Que représente cette expression[3], absente de l’Ancien Testament ? Certains textes rabbiniques (Midrash sur le Cantique des Cantiques) évoquent un lieu de repos pour les justes près d’Abraham, mais sans décrire une géographie de l’au-delà aussi précise. Dans l'extrait de Luc, le sein d’Abraham est opposé à l’Hadès (séjour des morts), le premier est lieu de félicité, l'autre de souffrance. Un gouffre infranchissable les sépare. À quelle réalité cela correspond-il ? L'évangile de Jean parle du "sein du Père"[4]: quel est le rapport ?
3. La nature du jugement
Le riche souffre dès sa mort (verset 23: "Au séjour des morts, il était en proie à la torture"). Il n'est pas fait mention d’un tribunal final. La parabole décrit-elle un état intermédiaire (avant la résurrection des morts) ou le jugement final ? Contrairement à Daniel 12,2 ou Jean 5,28-29, aucun renouveau corporel n’est évoqué. Certains y voient le pendant de l'état de béatitude immédiate du bon larron: "Aujourd’hui, tu seras avec moi en paradis" (Luc 23,43), d’autres une contradiction avec Paul (1 Corinthiens 15,52).
4. La richesse
Le texte ne mentionne aucun péché du riche autre que son insensibilité: "il festoyait somptueusement chaque jour" alors que Lazare désirait "se rassasier des miettes" (Luc 16,19 et 21). Abraham était "extrêmement riche" (Genèse 13,2) et Job est récompensé par la richesse (Job 42,12-13). Pour quel motif est donc condamné le riche ?
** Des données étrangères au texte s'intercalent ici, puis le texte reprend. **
lemma Psi_zero_in_cell:
  assumes "n \<ge> 3" "j \<ge> 1" "2 * j \<le> n + 1"
  defines "a \<equiv> (2 * real j - 1) * pi / (2 * (real n + 1))"
    and "b \<equiv> (2 * real j + 1) * pi / (2 * (real n + 1))"
  obtains r where "a < r" "r < b" "r < pi / 2" "Psi n r = 0" "sin ((real n + 1) * r) \<noteq> 0"
    "2 * j \<le> n \<Longrightarrow> r < real n * pi / (2 * (real n + 1))"
proof -
  define c where "c = real j * pi / (real n + 1)"
  have "a < c" "c < b"
    by (simp_all add: a_def b_def c_def field_simps add_pos_nonneg)
  obtain r where r: "a < r" "r < b" "r \<noteq> c" "r < pi / 2" "Psi n r = 0"
    "2 * j \<le> n \<Longrightarrow> r < real n * pi / (2 * (real n + 1))"
  proof -
    consider "2 * j + 1 \<le> n" | "2 * j = n" | "2 * j = n + 1"
      using assms(3) by linarith
    then show ?thesis
    proof cases
      case 1
      then have "b \<le> real n * pi / (2 * (real n + 1))"
        unfolding b_def by (intro divide_right_mono mult_right_mono) auto
      moreover obtain r where "a < r" "r < b" "r \<noteq> c" "r < pi / 2" "Psi n r = 0"
        using Psi_zero_in_inner_cell[OF assms(1,2) 1] unfolding a_def b_def c_def by blast
      ultimately show ?thesis
        by (intro that[of r]) auto
    next
      case 2
      have c_eq: "c = real n * pi / (2 * (real n + 1))" and "c < pi / 2"
        using arg_cong[OF 2, of real] by (simp_all add: c_def field_simps)
      obtain r where "a < r" "r < c" "Psi n r = 0"
        using Psi_zero_in_middle_cell[OF assms(1) 2] unfolding a_def c_def by blast
      moreover have "r < pi / 2" "r < b"
        using \<open>r < c\<close> \<open>c < pi / 2\<close> \<open>c < b\<close> by linarith+
      moreover have "r < real n * pi / (2 * (real n + 1))"
        using \<open>r < c\<close> unfolding c_eq .
      ultimately show ?thesis
        by (intro that[of r]) auto
    next
      case 3
      have "c = pi / 2" "pi / 2 < b"
        using arg_cong[OF 3, of real] by (simp_all add: b_def c_def field_simps)
      obtain r where "a < r" "r < pi / 2" "Psi n r = 0"
        using Psi_zero_in_last_cell[OF 3] unfolding a_def by blast
      with 3 \<open>c = pi / 2\<close> \<open>pi / 2 < b\<close> show ?thesis
        by (intro that[of r]) auto
    qed
  qed
  have "\<bar>(real n + 1) * r - real j * pi\<bar> < pi"
    using r(1,2) by (simp add: a_def b_def field_simps abs_less_iff)
  moreover have "(real n + 1) * r \<noteq> real j * pi"
    using r(3) by (simp add: c_def field_simps)
  ultimately have "sin ((real n + 1) * r) \<noteq> 0"
    by (intro sin_neq_0_near_multiple)
  with r show ?thesis
    using that by blast
qed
5. Le dialogue avec Abraham (v. 24-31) :
Le riche demande à ce que Lazare soulage sa torture (verset 24). Est-ce un signe de repentance ? Il demande aussi à ce qu'il avertisse ses frères (verset 28). Est-il préoccupé par le salut de ses frères ? Il appelle Abraham "père" et celui-ci l'appelle "mon enfant" tout en constatant l'impossibilité de lui porter secours et l'inutilité d'un miracle. La réponse d’Abraham nie‑t‑elle toute conversion après la mort ?
L'approche comparée de Luc et de Maria Valtorta[modifier | modifier le wikicode]
Ni dans Luc, ni dans la vision parallèle de Maria Valtorta, la parabole n'est développée dans ses trois parties. Elle se limite à son illustration, suffisamment explicite pour parler d'elle-même[2]. Cette caractéristique comme la narration particulièrement concrète, trouvent leur explication par le contexte.
Le contexte de la parabole[modifier | modifier le wikicode]
L'épisode se situe au cours du second voyage pascal, dans la plaine d'Esdrelon. Jésus apporte un réconfort moral et matériel aux paysans de deux sanhédristes, parents et voisins. Des maîtres durs qui refusent à leurs serviteurs la participation aux fêtes pascales. Doras, un grand propriétaire à exploité jusqu'à la mort Jonas, un ancien berger de la Nativité réduit par ruse en esclavage. C'est lui le "Lazare" de la parabole[5]. Doras, son maître va jusqu'à tromper, par appât du gain, Jésus qui voulait racheter son disciple. Le maître cruel meurt à son tour. Son fils, Doras de Doras ainsi que son voisin le scribe Giocana (Yokhanan) ben Zacchaï continuent à traiter durement leurs serviteurs.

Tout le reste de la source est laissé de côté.